**EXERCISE**: Take the data below and copy exactly the lines starting at the one with "then show ?thesis unfolding shannon_H_def" and finishing at the one with "unfolding c_cov_def by measurable", both included.

**DATA TO USE**:
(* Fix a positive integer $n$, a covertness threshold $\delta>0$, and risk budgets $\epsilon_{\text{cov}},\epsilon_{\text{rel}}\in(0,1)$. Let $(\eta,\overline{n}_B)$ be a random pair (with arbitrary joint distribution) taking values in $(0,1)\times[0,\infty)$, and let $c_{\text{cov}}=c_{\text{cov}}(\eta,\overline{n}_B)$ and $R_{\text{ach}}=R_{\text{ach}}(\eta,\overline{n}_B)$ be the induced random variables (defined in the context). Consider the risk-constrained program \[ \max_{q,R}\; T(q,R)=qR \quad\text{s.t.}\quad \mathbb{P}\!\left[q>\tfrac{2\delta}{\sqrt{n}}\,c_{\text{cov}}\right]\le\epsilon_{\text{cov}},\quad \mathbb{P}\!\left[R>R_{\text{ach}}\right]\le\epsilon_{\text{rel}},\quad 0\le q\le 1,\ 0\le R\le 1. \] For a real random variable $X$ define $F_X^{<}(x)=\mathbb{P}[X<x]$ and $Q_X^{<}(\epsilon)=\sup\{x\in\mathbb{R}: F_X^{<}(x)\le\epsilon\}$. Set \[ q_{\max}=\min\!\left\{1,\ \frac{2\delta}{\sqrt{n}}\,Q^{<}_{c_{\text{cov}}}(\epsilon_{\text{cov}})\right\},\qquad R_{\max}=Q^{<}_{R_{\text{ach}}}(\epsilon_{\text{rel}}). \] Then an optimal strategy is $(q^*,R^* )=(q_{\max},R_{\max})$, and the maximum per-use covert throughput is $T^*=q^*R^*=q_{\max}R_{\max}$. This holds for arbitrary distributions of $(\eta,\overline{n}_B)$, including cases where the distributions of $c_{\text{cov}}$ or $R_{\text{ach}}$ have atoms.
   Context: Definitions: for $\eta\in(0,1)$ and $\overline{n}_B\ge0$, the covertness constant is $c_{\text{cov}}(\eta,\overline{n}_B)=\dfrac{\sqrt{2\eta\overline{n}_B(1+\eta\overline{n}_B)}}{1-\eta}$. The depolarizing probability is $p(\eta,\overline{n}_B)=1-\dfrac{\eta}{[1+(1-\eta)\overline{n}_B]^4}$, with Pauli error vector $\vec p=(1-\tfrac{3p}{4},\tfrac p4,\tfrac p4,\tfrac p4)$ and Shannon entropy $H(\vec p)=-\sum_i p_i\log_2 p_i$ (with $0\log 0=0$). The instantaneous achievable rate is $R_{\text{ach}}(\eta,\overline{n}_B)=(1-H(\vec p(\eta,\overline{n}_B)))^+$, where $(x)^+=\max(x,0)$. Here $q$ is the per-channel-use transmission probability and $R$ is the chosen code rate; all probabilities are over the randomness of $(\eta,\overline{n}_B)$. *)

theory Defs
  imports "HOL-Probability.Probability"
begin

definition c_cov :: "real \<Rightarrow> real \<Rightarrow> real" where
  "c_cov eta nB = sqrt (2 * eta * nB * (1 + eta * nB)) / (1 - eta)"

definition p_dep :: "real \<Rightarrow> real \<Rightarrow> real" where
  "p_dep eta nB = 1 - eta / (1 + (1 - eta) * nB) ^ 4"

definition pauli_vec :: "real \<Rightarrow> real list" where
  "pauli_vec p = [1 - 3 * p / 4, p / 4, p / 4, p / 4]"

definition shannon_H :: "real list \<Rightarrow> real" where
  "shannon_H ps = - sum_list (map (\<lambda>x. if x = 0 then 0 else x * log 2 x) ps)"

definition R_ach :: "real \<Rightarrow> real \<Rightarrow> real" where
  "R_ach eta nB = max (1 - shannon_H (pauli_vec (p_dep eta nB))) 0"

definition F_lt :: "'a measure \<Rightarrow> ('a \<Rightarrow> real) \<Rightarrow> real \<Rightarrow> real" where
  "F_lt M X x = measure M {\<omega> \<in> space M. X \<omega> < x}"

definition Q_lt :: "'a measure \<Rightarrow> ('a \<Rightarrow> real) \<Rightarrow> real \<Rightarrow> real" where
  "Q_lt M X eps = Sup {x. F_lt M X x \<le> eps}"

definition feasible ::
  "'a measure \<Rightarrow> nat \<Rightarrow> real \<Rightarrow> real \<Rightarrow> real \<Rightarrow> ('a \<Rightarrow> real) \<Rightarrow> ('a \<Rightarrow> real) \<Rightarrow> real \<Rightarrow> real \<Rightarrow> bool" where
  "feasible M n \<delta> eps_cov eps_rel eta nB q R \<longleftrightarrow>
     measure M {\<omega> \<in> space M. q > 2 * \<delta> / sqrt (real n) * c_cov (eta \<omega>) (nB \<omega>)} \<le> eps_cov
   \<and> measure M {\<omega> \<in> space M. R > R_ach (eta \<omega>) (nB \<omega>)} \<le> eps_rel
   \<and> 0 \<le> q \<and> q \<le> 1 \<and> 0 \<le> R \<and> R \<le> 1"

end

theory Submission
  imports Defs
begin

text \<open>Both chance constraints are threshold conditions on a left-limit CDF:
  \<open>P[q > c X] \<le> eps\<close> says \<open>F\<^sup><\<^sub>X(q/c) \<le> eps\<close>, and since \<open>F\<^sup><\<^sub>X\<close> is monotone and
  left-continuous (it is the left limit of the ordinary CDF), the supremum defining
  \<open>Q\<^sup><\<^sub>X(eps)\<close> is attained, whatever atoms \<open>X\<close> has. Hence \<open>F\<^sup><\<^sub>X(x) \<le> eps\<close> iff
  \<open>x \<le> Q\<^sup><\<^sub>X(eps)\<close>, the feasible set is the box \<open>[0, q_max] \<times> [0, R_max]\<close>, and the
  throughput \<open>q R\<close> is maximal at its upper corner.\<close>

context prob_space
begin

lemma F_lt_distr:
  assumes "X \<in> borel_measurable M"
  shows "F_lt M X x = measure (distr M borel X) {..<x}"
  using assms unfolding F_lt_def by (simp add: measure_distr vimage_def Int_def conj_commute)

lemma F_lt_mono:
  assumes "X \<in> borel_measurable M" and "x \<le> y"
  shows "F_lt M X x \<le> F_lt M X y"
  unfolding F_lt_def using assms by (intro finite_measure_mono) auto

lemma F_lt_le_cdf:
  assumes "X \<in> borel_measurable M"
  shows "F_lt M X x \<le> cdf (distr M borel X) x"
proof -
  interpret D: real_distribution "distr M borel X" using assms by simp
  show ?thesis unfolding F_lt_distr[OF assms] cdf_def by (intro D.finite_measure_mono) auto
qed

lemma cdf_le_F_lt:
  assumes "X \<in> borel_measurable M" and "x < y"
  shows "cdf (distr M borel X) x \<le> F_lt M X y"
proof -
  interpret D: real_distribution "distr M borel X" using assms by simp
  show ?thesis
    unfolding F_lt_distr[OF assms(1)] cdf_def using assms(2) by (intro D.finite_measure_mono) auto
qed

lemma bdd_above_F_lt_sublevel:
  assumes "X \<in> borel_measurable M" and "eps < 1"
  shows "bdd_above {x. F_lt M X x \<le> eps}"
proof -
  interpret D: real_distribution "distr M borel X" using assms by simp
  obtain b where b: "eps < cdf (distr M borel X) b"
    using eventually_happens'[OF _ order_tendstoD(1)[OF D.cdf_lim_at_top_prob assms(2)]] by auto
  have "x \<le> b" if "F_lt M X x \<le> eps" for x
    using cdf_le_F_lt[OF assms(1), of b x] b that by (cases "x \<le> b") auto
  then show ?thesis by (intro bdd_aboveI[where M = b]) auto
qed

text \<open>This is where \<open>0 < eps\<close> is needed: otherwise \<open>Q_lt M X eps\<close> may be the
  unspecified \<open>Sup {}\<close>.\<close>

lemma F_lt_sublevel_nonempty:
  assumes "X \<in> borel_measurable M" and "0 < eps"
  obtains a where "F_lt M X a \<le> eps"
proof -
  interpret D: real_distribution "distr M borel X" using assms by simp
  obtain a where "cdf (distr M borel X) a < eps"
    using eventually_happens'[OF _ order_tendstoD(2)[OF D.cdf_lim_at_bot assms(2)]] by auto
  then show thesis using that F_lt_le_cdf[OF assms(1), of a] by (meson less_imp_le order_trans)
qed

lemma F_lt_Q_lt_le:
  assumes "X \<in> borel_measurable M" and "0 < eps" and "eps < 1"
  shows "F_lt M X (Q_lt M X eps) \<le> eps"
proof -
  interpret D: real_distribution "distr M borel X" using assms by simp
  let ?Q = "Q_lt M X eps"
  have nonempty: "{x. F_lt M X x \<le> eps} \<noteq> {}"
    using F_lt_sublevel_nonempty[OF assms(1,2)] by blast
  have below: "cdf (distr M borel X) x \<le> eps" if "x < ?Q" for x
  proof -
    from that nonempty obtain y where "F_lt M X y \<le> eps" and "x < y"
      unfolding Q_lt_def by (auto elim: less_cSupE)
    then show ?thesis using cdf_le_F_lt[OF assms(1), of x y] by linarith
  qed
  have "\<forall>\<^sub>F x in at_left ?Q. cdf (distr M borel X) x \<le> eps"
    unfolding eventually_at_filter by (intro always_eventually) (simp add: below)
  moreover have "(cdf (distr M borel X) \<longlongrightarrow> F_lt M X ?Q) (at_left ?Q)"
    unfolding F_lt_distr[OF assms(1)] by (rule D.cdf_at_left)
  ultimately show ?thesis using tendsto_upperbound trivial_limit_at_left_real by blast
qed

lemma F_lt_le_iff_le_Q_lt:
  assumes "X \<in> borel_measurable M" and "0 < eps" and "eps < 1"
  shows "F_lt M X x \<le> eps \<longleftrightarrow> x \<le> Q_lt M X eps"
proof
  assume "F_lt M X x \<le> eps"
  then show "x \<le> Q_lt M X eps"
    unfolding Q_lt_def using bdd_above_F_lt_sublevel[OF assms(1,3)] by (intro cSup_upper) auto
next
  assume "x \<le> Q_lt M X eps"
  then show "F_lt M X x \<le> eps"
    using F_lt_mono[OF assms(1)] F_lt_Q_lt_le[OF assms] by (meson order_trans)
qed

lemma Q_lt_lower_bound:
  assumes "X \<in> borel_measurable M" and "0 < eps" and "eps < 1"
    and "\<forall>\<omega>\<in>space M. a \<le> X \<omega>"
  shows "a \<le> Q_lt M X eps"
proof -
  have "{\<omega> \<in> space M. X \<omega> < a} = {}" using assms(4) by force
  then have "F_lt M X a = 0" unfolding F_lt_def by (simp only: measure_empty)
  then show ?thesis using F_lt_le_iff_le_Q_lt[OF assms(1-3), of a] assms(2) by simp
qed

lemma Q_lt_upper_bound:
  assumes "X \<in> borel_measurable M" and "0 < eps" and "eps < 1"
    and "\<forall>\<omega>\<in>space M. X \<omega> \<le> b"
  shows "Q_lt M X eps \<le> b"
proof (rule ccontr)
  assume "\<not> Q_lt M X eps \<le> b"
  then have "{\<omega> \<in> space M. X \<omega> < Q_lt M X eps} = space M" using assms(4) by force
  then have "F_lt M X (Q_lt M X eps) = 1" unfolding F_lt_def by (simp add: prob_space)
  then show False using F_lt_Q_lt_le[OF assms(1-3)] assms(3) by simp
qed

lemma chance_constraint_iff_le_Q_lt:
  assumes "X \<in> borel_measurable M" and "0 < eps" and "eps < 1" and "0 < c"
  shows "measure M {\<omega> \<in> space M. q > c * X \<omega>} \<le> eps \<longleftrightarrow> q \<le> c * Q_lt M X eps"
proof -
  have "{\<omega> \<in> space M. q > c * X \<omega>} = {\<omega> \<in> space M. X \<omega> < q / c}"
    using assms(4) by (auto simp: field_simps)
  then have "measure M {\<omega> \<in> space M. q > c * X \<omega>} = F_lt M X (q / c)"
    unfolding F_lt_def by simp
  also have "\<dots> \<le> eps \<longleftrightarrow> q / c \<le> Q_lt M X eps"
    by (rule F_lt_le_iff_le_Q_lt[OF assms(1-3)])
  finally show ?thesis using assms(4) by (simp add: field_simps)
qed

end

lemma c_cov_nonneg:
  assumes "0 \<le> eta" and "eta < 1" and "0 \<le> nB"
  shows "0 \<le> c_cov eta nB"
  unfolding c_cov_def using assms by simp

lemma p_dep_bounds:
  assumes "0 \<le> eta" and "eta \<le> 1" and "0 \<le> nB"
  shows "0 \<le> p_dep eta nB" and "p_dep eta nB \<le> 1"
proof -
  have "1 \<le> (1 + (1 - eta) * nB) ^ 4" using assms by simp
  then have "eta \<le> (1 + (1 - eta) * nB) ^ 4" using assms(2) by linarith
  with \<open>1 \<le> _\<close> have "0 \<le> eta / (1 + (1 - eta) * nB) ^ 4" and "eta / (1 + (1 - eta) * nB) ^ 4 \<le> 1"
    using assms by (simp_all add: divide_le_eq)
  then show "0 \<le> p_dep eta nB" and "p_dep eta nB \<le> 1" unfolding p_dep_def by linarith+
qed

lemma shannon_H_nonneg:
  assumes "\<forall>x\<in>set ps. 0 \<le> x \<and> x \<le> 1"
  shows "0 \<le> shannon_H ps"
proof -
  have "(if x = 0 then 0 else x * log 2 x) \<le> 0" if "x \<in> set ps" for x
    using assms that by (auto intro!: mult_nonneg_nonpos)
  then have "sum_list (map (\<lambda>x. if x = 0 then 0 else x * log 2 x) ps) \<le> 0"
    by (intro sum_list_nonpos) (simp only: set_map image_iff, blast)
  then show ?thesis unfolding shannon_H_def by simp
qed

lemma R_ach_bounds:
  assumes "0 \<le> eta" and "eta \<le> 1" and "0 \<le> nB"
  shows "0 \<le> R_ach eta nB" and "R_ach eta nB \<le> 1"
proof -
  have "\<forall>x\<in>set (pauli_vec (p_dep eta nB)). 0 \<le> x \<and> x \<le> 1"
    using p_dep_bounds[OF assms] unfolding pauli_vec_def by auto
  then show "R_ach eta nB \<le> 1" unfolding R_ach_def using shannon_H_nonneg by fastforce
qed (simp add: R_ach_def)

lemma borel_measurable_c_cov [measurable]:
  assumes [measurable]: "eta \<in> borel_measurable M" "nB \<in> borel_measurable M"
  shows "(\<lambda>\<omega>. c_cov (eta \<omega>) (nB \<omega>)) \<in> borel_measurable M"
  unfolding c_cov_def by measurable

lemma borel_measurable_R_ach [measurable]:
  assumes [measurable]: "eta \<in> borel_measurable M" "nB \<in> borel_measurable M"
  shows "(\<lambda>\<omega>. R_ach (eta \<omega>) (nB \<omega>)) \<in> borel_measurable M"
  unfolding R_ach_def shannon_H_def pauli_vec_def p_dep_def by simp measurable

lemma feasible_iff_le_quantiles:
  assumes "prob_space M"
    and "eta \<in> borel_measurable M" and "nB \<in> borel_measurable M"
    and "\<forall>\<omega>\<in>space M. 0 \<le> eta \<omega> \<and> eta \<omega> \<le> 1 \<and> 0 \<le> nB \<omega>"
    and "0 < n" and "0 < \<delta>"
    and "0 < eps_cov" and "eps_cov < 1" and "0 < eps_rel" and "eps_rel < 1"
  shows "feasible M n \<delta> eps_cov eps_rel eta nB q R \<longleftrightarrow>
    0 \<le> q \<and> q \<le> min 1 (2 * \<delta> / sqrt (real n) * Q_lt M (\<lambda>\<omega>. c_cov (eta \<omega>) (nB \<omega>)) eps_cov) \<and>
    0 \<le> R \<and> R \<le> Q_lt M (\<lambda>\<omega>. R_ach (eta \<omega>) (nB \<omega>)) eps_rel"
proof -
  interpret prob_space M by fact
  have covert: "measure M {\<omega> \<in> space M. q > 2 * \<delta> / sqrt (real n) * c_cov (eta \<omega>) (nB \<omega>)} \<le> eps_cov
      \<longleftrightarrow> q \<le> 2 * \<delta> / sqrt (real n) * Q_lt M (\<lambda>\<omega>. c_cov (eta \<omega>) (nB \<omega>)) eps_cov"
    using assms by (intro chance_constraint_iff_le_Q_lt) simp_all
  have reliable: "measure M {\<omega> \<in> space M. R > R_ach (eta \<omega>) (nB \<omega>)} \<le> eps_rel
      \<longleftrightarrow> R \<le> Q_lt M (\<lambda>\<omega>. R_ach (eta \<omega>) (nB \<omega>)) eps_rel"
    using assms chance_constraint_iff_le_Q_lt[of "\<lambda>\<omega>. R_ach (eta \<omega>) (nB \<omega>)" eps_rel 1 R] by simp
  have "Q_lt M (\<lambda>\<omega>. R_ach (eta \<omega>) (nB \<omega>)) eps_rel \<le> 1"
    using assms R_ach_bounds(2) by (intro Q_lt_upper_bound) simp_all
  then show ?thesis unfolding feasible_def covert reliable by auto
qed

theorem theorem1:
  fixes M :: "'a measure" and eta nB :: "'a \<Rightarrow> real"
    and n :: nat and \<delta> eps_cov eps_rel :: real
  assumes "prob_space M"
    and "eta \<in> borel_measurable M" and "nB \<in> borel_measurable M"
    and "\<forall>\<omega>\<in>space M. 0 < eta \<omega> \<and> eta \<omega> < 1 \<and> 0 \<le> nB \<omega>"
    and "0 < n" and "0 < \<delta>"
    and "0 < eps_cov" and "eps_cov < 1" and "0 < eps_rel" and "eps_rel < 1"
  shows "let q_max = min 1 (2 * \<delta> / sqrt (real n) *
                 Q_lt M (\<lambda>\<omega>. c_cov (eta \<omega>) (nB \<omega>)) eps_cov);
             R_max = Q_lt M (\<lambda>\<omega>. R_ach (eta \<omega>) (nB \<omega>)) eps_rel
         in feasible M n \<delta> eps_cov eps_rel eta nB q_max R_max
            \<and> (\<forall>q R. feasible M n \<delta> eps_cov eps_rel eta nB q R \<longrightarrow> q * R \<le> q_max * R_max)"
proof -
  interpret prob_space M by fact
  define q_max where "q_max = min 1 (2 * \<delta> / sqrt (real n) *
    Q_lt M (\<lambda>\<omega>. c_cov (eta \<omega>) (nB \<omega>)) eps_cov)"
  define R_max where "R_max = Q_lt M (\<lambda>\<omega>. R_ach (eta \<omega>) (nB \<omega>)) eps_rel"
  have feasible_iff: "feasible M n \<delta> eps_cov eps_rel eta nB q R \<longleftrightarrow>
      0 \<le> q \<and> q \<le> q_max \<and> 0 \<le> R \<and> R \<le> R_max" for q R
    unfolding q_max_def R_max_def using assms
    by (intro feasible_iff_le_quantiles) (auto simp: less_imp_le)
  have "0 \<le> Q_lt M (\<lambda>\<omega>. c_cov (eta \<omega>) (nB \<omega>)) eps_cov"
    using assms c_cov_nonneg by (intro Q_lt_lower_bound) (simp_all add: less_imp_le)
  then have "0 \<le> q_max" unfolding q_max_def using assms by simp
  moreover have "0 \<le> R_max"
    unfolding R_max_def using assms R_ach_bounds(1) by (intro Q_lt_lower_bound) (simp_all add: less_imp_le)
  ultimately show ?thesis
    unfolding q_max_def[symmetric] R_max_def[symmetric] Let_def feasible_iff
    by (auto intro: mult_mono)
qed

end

**EXERCISE ANSWER**:
  then show ?thesis unfolding shannon_H_def by simp
qed

lemma R_ach_bounds:
  assumes "0 \<le> eta" and "eta \<le> 1" and "0 \<le> nB"
  shows "0 \<le> R_ach eta nB" and "R_ach eta nB \<le> 1"
proof -
  have "\<forall>x\<in>set (pauli_vec (p_dep eta nB)). 0 \<le> x \<and> x \<le> 1"
    using p_dep_bounds[OF assms] unfolding pauli_vec_def by auto
  then show "R_ach eta nB \<le> 1" unfolding R_ach_def using shannon_H_nonneg by fastforce
qed (simp add: R_ach_def)

lemma borel_measurable_c_cov [measurable]:
  assumes [measurable]: "eta \<in> borel_measurable M" "nB \<in> borel_measurable M"
  shows "(\<lambda>\<omega>. c_cov (eta \<omega>) (nB \<omega>)) \<in> borel_measurable M"
  unfolding c_cov_def by measurable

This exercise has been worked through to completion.